- [What is expected]
Everything from the first line of the material below through the line containing "by K d_V, so" must be retyped exactly, and nothing past it.

- [Input data]
+ + + +

(* In the Cucker–Smale setting below, for all $n\in\mathbb{N}_0$, $$d_V(t_{2n+2})\le\frac{e^{\tilde K(t_{2n+2}-t_{2n+1})}}{2-e^{\tilde K(t_{2n+2}-t_{2n+1})}}\,d_V(t_{2n+1}).$$
   Context: Setting: $N\ge2$; $\tilde\psi:\mathbb{R}\to\mathbb{R}$ positive, bounded, continuous, with $\tilde K:=\|\tilde\psi\|_\infty$ and $\int_0^\infty\min_{r\in[0,x]}\tilde\psi(r)dx=+\infty$; $\{t_n\}_{n\in\mathbb{N}_0}$ increasing, nonnegative, $t_0=0$, $t_n\to\infty$, with $t_{2n+2}-t_{2n+1}<\frac{\ln2}{\tilde K}$ and $t_{2n+1}-t_{2n}>\frac1{\tilde K}$ for all $n$, and $\sum_{p\ge0}\ln\frac{e^{\tilde K(t_{2p+2}-t_{2p+1})}}{2-e^{\tilde K(t_{2p+2}-t_{2p+1})}}<\infty$. $\alpha(0)=1$, $\alpha=1$ on $(t_{2n},t_{2n+1})$, $\alpha=-1$ on $[t_{2n+1},t_{2n+2}]$. $\{(x_i,v_i)\}$ solves $x_i'=v_i$, $v_i'(t)=\frac1{N-1}\sum_{j\ne i}\alpha(t)\tilde\psi(|x_i(t)-x_j(t)|)(v_j(t)-v_i(t))$, $t>0$, with given initial data in $\mathbb{R}^d$ (continuous, $C^1$ on each $(t_n,t_{n+1})$). $d_V(t):=\max_{i,j}|v_i(t)-v_j(t)|$. *)

theory Defs
  imports "HOL-Analysis.Analysis"
begin

definition dV :: "nat \<Rightarrow> (nat \<Rightarrow> real \<Rightarrow> 'a::real_normed_vector) \<Rightarrow> real \<Rightarrow> real" where
  "dV N v t = Max {norm (v i t - v j t) | i j. i < N \<and> j < N}"

end

theory Submission
  imports Defs
begin

text \<open>While \<open>|\<alpha>| \<le> 1\<close>, every acceleration is a mean of terms \<open>\<alpha> \<psi> (v_j - v_i)\<close>, hence bounded
  by K d_V, so each relative velocity changes at rate at most 2 K d_V. At the first time some pair
  reaches the barrier (d_V(a) + \<epsilon>) e^{2K(t-a)}, the vector mean value inequality for that pair
  gives a contradiction; hence d_V(b) \<le> y^2 d_V(a) with y = e^{K(b-a)} on [a, b] = [t_{2n+1}, t_{2n+2}].
  Since b - a < ln 2 / K we have 0 < y < 2, and then y^2 \<le> y / (2 - y).\<close>

lemma first_reaching_time:
  fixes f :: "'i \<Rightarrow> real \<Rightarrow> real"
  assumes "finite P"
    and f_cont: "\<And>p. p \<in> P \<Longrightarrow> continuous_on {a..b} (f p)"
    and g_cont: "continuous_on {a..b} g"
    and below_at_start: "\<And>p. p \<in> P \<Longrightarrow> f p a < g a"
    and reached: "p\<^sub>0 \<in> P" "t\<^sub>0 \<in> {a..b}" "g t\<^sub>0 \<le> f p\<^sub>0 t\<^sub>0"
  obtains s p where "a < s" "s \<le> b" "p \<in> P" "g s \<le> f p s"
    and "\<And>q r. q \<in> P \<Longrightarrow> a \<le> r \<Longrightarrow> r < s \<Longrightarrow> f q r < g r"
proof -
  define C where "C = (\<Union>p\<in>P. {t \<in> {a..b}. g t \<le> f p t})"
  have "C \<noteq> {}"
    using reached unfolding C_def by blast
  moreover have C_bdd: "bdd_below C"
    unfolding C_def by (rule bdd_belowI[of _ a]) auto
  moreover have "closed C"
    unfolding C_def using assms by (intro closed_UN ballI continuous_on_closed_Collect_le) auto
  ultimately have "Inf C \<in> C"
    by (rule closed_contains_Inf)
  then obtain p where p: "p \<in> P" "a \<le> Inf C" "Inf C \<le> b" "g (Inf C) \<le> f p (Inf C)"
    unfolding C_def by auto
  have before: "f q r < g r" if "q \<in> P" "a \<le> r" "r < Inf C" for q r
  proof (rule ccontr)
    assume "\<not> f q r < g r"
    with that p have "r \<in> C" unfolding C_def by (auto simp: not_less)
    with C_bdd have "Inf C \<le> r" by (rule cInf_lower[rotated])
    with \<open>r < Inf C\<close> show False by simp
  qed
  have "a \<noteq> Inf C"
    using p below_at_start[of p] by auto
  with p before show thesis
    by (intro that[of "Inf C" p]) auto
qed

lemma pairwise_diff_less_exp_growth:
  fixes v F :: "nat \<Rightarrow> real \<Rightarrow> 'a::real_normed_vector"
  assumes v_cont: "\<And>i. i < N \<Longrightarrow> continuous_on {a..b} (v i)"
    and v_deriv: "\<And>i t. i < N \<Longrightarrow> a < t \<Longrightarrow> t < b \<Longrightarrow> (v i has_vector_derivative F i t) (at t)"
    and F_bound: "\<And>i t M. i < N \<Longrightarrow> a < t \<Longrightarrow> t < b \<Longrightarrow>
                    (\<forall>j<N. norm (v j t - v i t) \<le> M) \<Longrightarrow> norm (F i t) \<le> K * M"
    and initial: "\<And>i j. i < N \<Longrightarrow> j < N \<Longrightarrow> norm (v i a - v j a) \<le> D"
    and "\<epsilon> > 0" "i < N" "j < N" "t \<in> {a..b}"
  shows "norm (v i t - v j t) < (D + \<epsilon>) * exp (2 * K * (t - a))"
proof (rule ccontr)
  define \<phi> where "\<phi> t = (D + \<epsilon>) * exp (2 * K * (t - a))" for t
  define P where "P = {..<N} \<times> {..<N}"
  define f where "f p t = norm (v (fst p) t - v (snd p) t)" for p t
  have \<phi>_deriv: "(\<phi> has_vector_derivative 2 * K * \<phi> t) (at t)" for t
    unfolding \<phi>_def has_real_derivative_iff_has_vector_derivative[symmetric]
    by (auto intro!: derivative_eq_intros)
  have \<phi>_cont: "continuous_on S \<phi>" for S
    unfolding \<phi>_def by (intro continuous_intros)
  assume "\<not> norm (v i t - v j t) < (D + \<epsilon>) * exp (2 * K * (t - a))"
  then have "\<phi> t \<le> f (i, j) t"
    unfolding \<phi>_def f_def by simp
  moreover have "f p a < \<phi> a" if "p \<in> P" for p
    using that initial[of "fst p" "snd p"] \<open>\<epsilon> > 0\<close> unfolding P_def f_def \<phi>_def by auto
  moreover have "continuous_on {a..b} (f p)" if "p \<in> P" for p
    using that v_cont[of "fst p"] v_cont[of "snd p"] unfolding P_def f_def
    by (auto intro!: continuous_on_norm continuous_on_diff)
  ultimately obtain s p where s: "a < s" "s \<le> b" "p \<in> P" "\<phi> s \<le> f p s"
    and before: "\<And>q r. q \<in> P \<Longrightarrow> a \<le> r \<Longrightarrow> r < s \<Longrightarrow> f q r < \<phi> r"
    using first_reaching_time[where P=P and f=f and g=\<phi> and p\<^sub>0="(i, j)"] \<phi>_cont
      \<open>i < N\<close> \<open>j < N\<close> \<open>t \<in> {a..b}\<close>
    unfolding P_def by blast
  obtain k l where kl: "p = (k, l)" "k < N" "l < N"
    using \<open>p \<in> P\<close> unfolding P_def by auto
  have F_before: "norm (F m r) \<le> K * \<phi> r" if "m < N" "a < r" "r < s" for m r
    using that s before[of "(_, m)" r] by (intro F_bound) (auto simp: P_def f_def less_imp_le)
  have "norm ((v k s - v l s) - (v k a - v l a)) \<le> \<phi> s - \<phi> a"
  proof (rule differentiable_bound_general[OF \<open>a < s\<close>])
    have "continuous_on {a..s} (v m)" if "m < N" for m
      using v_cont[OF that] by (rule continuous_on_subset) (use s in auto)
    then show "continuous_on {a..s} (\<lambda>r. v k r - v l r)"
      using kl by (intro continuous_intros) auto
    fix r assume r: "a < r" "r < s"
    then show "((\<lambda>r. v k r - v l r) has_vector_derivative F k r - F l r) (at r)"
      using kl s v_deriv by (intro has_vector_derivative_diff) auto
    show "norm (F k r - F l r) \<le> 2 * K * \<phi> r"
      using norm_triangle_ineq4[of "F k r" "F l r"] F_before[of k r] F_before[of l r] kl r by simp
  qed (auto intro: \<phi>_cont \<phi>_deriv)
  then have "f p s \<le> norm (v k a - v l a) + \<phi> s - \<phi> a"
    using norm_triangle_ineq2[of "v k s - v l s" "v k a - v l a"] unfolding kl f_def by simp
  also have "\<dots> < \<phi> s"
    using initial[OF kl(2,3)] \<open>\<epsilon> > 0\<close> unfolding \<phi>_def by simp
  finally show False
    using s by simp
qed

lemma norm_diff_le_dV:
  assumes "i < N" "j < N"
  shows "norm (v i t - v j t) \<le> dV N v t"
  unfolding dV_def using assms by (intro Max_ge finite_image_set2) auto

lemma dV_le:
  assumes "0 < N" "\<And>i j. i < N \<Longrightarrow> j < N \<Longrightarrow> norm (v i t - v j t) \<le> B"
  shows "dV N v t \<le> B"
  unfolding dV_def using assms by (subst Max_le_iff) (auto intro: finite_image_set2)

lemma dV_le_exp_growth:
  fixes v F :: "nat \<Rightarrow> real \<Rightarrow> 'a::real_normed_vector"
  assumes "0 < N"
    and v_cont: "\<And>i. i < N \<Longrightarrow> continuous_on {a..b} (v i)"
    and v_deriv: "\<And>i t. i < N \<Longrightarrow> a < t \<Longrightarrow> t < b \<Longrightarrow> (v i has_vector_derivative F i t) (at t)"
    and F_bound: "\<And>i t M. i < N \<Longrightarrow> a < t \<Longrightarrow> t < b \<Longrightarrow>
                    (\<forall>j<N. norm (v j t - v i t) \<le> M) \<Longrightarrow> norm (F i t) \<le> K * M"
    and "t \<in> {a..b}"
  shows "dV N v t \<le> exp (2 * K * (t - a)) * dV N v a"
proof (rule dV_le[OF \<open>0 < N\<close>])
  fix i j assume ij: "i < N" "j < N"
  let ?E = "exp (2 * K * (t - a))"
  show "norm (v i t - v j t) \<le> ?E * dV N v a"
  proof (rule field_le_epsilon)
    fix e :: real assume "e > 0"
    have "norm (v i t - v j t) < (dV N v a + e / ?E) * ?E"
      by (rule pairwise_diff_less_exp_growth[OF v_cont v_deriv F_bound
            norm_diff_le_dV[where v=v and t=a] _ ij \<open>t \<in> {a..b}\<close>]) (use \<open>e > 0\<close> in auto)
    also have "\<dots> = ?E * dV N v a + e"
      by (simp add: field_simps)
    finally show "norm (v i t - v j t) \<le> ?E * dV N v a + e"
      by simp
  qed
qed

lemma norm_mean_weighted_diff_le:
  fixes v :: "nat \<Rightarrow> 'a::real_normed_vector"
  assumes "N \<ge> 2" "i < N"
    and weights: "\<And>j. j < N \<Longrightarrow> \<bar>w j\<bar> \<le> K"
    and spread: "\<forall>j<N. norm (v j - v i) \<le> M"
  shows "norm ((1 / (real N - 1)) *\<^sub>R (\<Sum>j\<in>{j. j < N \<and> j \<noteq> i}. w j *\<^sub>R (v j - v i))) \<le> K * M"
proof -
  have "K \<ge> 0"
    using weights[of i] \<open>i < N\<close> by linarith
  have "norm (\<Sum>j\<in>{j. j < N \<and> j \<noteq> i}. w j *\<^sub>R (v j - v i))
        \<le> (\<Sum>j\<in>{j. j < N \<and> j \<noteq> i}. \<bar>w j\<bar> * norm (v j - v i))"
    by (rule norm_sum[THEN order_trans]) simp
  also have "\<dots> \<le> (\<Sum>j\<in>{j. j < N \<and> j \<noteq> i}. K * M)"
    using weights spread \<open>K \<ge> 0\<close> by (intro sum_mono mult_mono) auto
  also have "\<dots> = (real N - 1) * (K * M)"
  proof -
    have "{j. j < N \<and> j \<noteq> i} = {..<N} - {i}" by auto
    then show ?thesis using assms(1,2) by simp
  qed
  finally show ?thesis
    using \<open>N \<ge> 2\<close> by (simp add: field_simps)
qed

lemma exp_double_le_ratio:
  fixes s :: real
  assumes "s < ln 2"
  shows "exp (2 * s) \<le> exp s / (2 - exp s)"
proof -
  define y where "y = exp s"
  have "0 < y" "y < 2"
    using assms unfolding y_def by (auto simp: exp_less_cancel_iff[of s "ln 2", symmetric])
  have "y - y\<^sup>2 * (2 - y) = y * (y - 1)\<^sup>2"
    by (simp add: algebra_simps power2_eq_square)
  then have "y\<^sup>2 * (2 - y) \<le> y"
    using \<open>0 < y\<close> by (smt (verit) zero_le_mult_iff zero_le_power2)
  then show ?thesis
    using \<open>y < 2\<close> unfolding y_def by (simp add: field_simps power2_eq_square flip: exp_add)
qed

lemma dV_cucker_smale_le_exp_growth:
  fixes x v :: "nat \<Rightarrow> real \<Rightarrow> 'a::real_normed_vector"
  assumes "N \<ge> 2" "a \<le> b"
    and psi_bounds: "\<And>r. 0 \<le> psi r \<and> psi r \<le> K"
    and alpha_bound: "\<And>t. a < t \<Longrightarrow> t < b \<Longrightarrow> \<bar>alpha t\<bar> \<le> 1"
    and v_cont: "\<And>i. i < N \<Longrightarrow> continuous_on {a..b} (v i)"
    and v_ode: "\<And>i t. i < N \<Longrightarrow> a < t \<Longrightarrow> t < b \<Longrightarrow>
                  (v i has_vector_derivative
                     ((1 / (real N - 1)) *\<^sub>R
                       (\<Sum>j\<in>{j. j < N \<and> j \<noteq> i}.
                          (alpha t * psi (norm (x i t - x j t))) *\<^sub>R (v j t - v i t)))) (at t)"
  shows "dV N v b \<le> exp (2 * K * (b - a)) * dV N v a"
proof (rule dV_le_exp_growth[OF _ v_cont v_ode])
  fix i t M
  assume "i < N" "a < t" "t < b" "\<forall>j<N. norm (v j t - v i t) \<le> M"
  then show "norm ((1 / (real N - 1)) *\<^sub>R (\<Sum>j\<in>{j. j < N \<and> j \<noteq> i}.
               (alpha t * psi (norm (x i t - x j t))) *\<^sub>R (v j t - v i t))) \<le> K * M"
    using alpha_bound psi_bounds
    by (intro norm_mean_weighted_diff_le[OF \<open>N \<ge> 2\<close>])
       (auto simp: abs_mult intro: mult_le_one[THEN order_trans] mult_mono[of _ 1 _ K, simplified])
qed (use assms in auto)

theorem lemma7p10:
  fixes N :: nat
    and psi :: "real \<Rightarrow> real"
    and K :: real
    and ts :: "nat \<Rightarrow> real"
    and alpha :: "real \<Rightarrow> real"
    and x v :: "nat \<Rightarrow> real \<Rightarrow> real ^ 'd"
  assumes N2: "N \<ge> 2"
    and psi_pos: "\<And>r. psi r > 0"
    and psi_bdd: "bdd_above (range psi)"
    and psi_cont: "continuous_on UNIV psi"
    and K_def: "K = (SUP r. psi r)"
    and psi_int: "filterlim (\<lambda>X. integral {0..X} (\<lambda>s. Inf (psi ` {0..s}))) at_top at_top"
    and ts_mono: "strict_mono ts"
    and ts0: "ts 0 = 0"
    and ts_lim: "filterlim ts at_top sequentially"
    and ts_short: "\<And>n. ts (2*n+2) - ts (2*n+1) < ln 2 / K"
    and ts_long: "\<And>n. ts (2*n+1) - ts (2*n) > 1 / K"
    and ts_sum: "summable (\<lambda>p. ln (exp (K * (ts (2*p+2) - ts (2*p+1)))
                                   / (2 - exp (K * (ts (2*p+2) - ts (2*p+1))))))"
    and alpha0: "alpha 0 = 1"
    and alpha_pos: "\<And>n t. ts (2*n) < t \<Longrightarrow> t < ts (2*n+1) \<Longrightarrow> alpha t = 1"
    and alpha_neg: "\<And>n t. ts (2*n+1) \<le> t \<Longrightarrow> t \<le> ts (2*n+2) \<Longrightarrow> alpha t = -1"
    and x_cont: "\<And>i. i < N \<Longrightarrow> continuous_on {0..} (x i)"
    and v_cont: "\<And>i. i < N \<Longrightarrow> continuous_on {0..} (v i)"
    and x_ode: "\<And>i n t. i < N \<Longrightarrow> ts n < t \<Longrightarrow> t < ts (Suc n) \<Longrightarrow>
                  (x i has_vector_derivative v i t) (at t)"
    and v_ode: "\<And>i n t. i < N \<Longrightarrow> ts n < t \<Longrightarrow> t < ts (Suc n) \<Longrightarrow>
                  (v i has_vector_derivative
                     ((1 / (real N - 1)) *\<^sub>R
                       (\<Sum>j\<in>{j. j < N \<and> j \<noteq> i}.
                          (alpha t * psi (norm (x i t - x j t))) *\<^sub>R (v j t - v i t)))) (at t)"
  shows "\<forall>n. dV N v (ts (2*n+2))
            \<le> exp (K * (ts (2*n+2) - ts (2*n+1))) / (2 - exp (K * (ts (2*n+2) - ts (2*n+1))))
               * dV N v (ts (2*n+1))"
proof
  fix n
  define a where "a = ts (2*n+1)"
  define b where "b = ts (2*n+2)"
  have psi_le_K: "psi r \<le> K" for r
    unfolding K_def using psi_bdd by (simp add: cSUP_upper)
  have "0 \<le> a" "a \<le> b"
    using strict_monoD[OF ts_mono, of 0 "2*n+1"] strict_monoD[OF ts_mono, of "2*n+1" "2*n+2"] ts0
    unfolding a_def b_def by simp_all
  have "dV N v b \<le> exp (2 * (K * (b - a))) * dV N v a"
  proof (rule dV_cucker_smale_le_exp_growth[OF N2 \<open>a \<le> b\<close>, simplified mult.assoc])
    show "0 \<le> psi r \<and> psi r \<le> K" for r
      using psi_pos[of r] psi_le_K[of r] by simp
    show "\<bar>alpha t\<bar> \<le> 1" if "a < t" "t < b" for t
      using alpha_neg[of n t] that unfolding a_def b_def by simp
    show "continuous_on {a..b} (v i)" if "i < N" for i
      using v_cont[OF that] by (rule continuous_on_subset) (use \<open>0 \<le> a\<close> in auto)
  qed (use v_ode[of _ "2*n+1"] in \<open>simp add: a_def b_def\<close>)
  also have "\<dots> \<le> exp (K * (b - a)) / (2 - exp (K * (b - a))) * dV N v a"
  proof (intro mult_right_mono exp_double_le_ratio)
    have "K > 0"
      using psi_le_K[of 0] psi_pos[of 0] by linarith
    then show "K * (b - a) < ln 2"
      using ts_short[of n] unfolding a_def b_def by (simp add: field_simps)
    show "0 \<le> dV N v a"
      using norm_diff_le_dV[of 0 N 0 v a] N2 by simp
  qed
  finally show "dV N v (ts (2*n+2)) \<le> exp (K * (ts (2*n+2) - ts (2*n+1)))
      / (2 - exp (K * (ts (2*n+2) - ts (2*n+1)))) * dV N v (ts (2*n+1))"
    unfolding a_def b_def .
qed

end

+ + + +

- [Result of this exercise]
(* In the Cucker–Smale setting below, for all $n\in\mathbb{N}_0$, $$d_V(t_{2n+2})\le\frac{e^{\tilde K(t_{2n+2}-t_{2n+1})}}{2-e^{\tilde K(t_{2n+2}-t_{2n+1})}}\,d_V(t_{2n+1}).$$
   Context: Setting: $N\ge2$; $\tilde\psi:\mathbb{R}\to\mathbb{R}$ positive, bounded, continuous, with $\tilde K:=\|\tilde\psi\|_\infty$ and $\int_0^\infty\min_{r\in[0,x]}\tilde\psi(r)dx=+\infty$; $\{t_n\}_{n\in\mathbb{N}_0}$ increasing, nonnegative, $t_0=0$, $t_n\to\infty$, with $t_{2n+2}-t_{2n+1}<\frac{\ln2}{\tilde K}$ and $t_{2n+1}-t_{2n}>\frac1{\tilde K}$ for all $n$, and $\sum_{p\ge0}\ln\frac{e^{\tilde K(t_{2p+2}-t_{2p+1})}}{2-e^{\tilde K(t_{2p+2}-t_{2p+1})}}<\infty$. $\alpha(0)=1$, $\alpha=1$ on $(t_{2n},t_{2n+1})$, $\alpha=-1$ on $[t_{2n+1},t_{2n+2}]$. $\{(x_i,v_i)\}$ solves $x_i'=v_i$, $v_i'(t)=\frac1{N-1}\sum_{j\ne i}\alpha(t)\tilde\psi(|x_i(t)-x_j(t)|)(v_j(t)-v_i(t))$, $t>0$, with given initial data in $\mathbb{R}^d$ (continuous, $C^1$ on each $(t_n,t_{n+1})$). $d_V(t):=\max_{i,j}|v_i(t)-v_j(t)|$. *)

theory Defs
  imports "HOL-Analysis.Analysis"
begin

definition dV :: "nat \<Rightarrow> (nat \<Rightarrow> real \<Rightarrow> 'a::real_normed_vector) \<Rightarrow> real \<Rightarrow> real" where
  "dV N v t = Max {norm (v i t - v j t) | i j. i < N \<and> j < N}"

end

theory Submission
  imports Defs
begin

text \<open>While \<open>|\<alpha>| \<le> 1\<close>, every acceleration is a mean of terms \<open>\<alpha> \<psi> (v_j - v_i)\<close>, hence bounded
  by K d_V, so each relative velocity changes at rate at most 2 K d_V. At the first time some pair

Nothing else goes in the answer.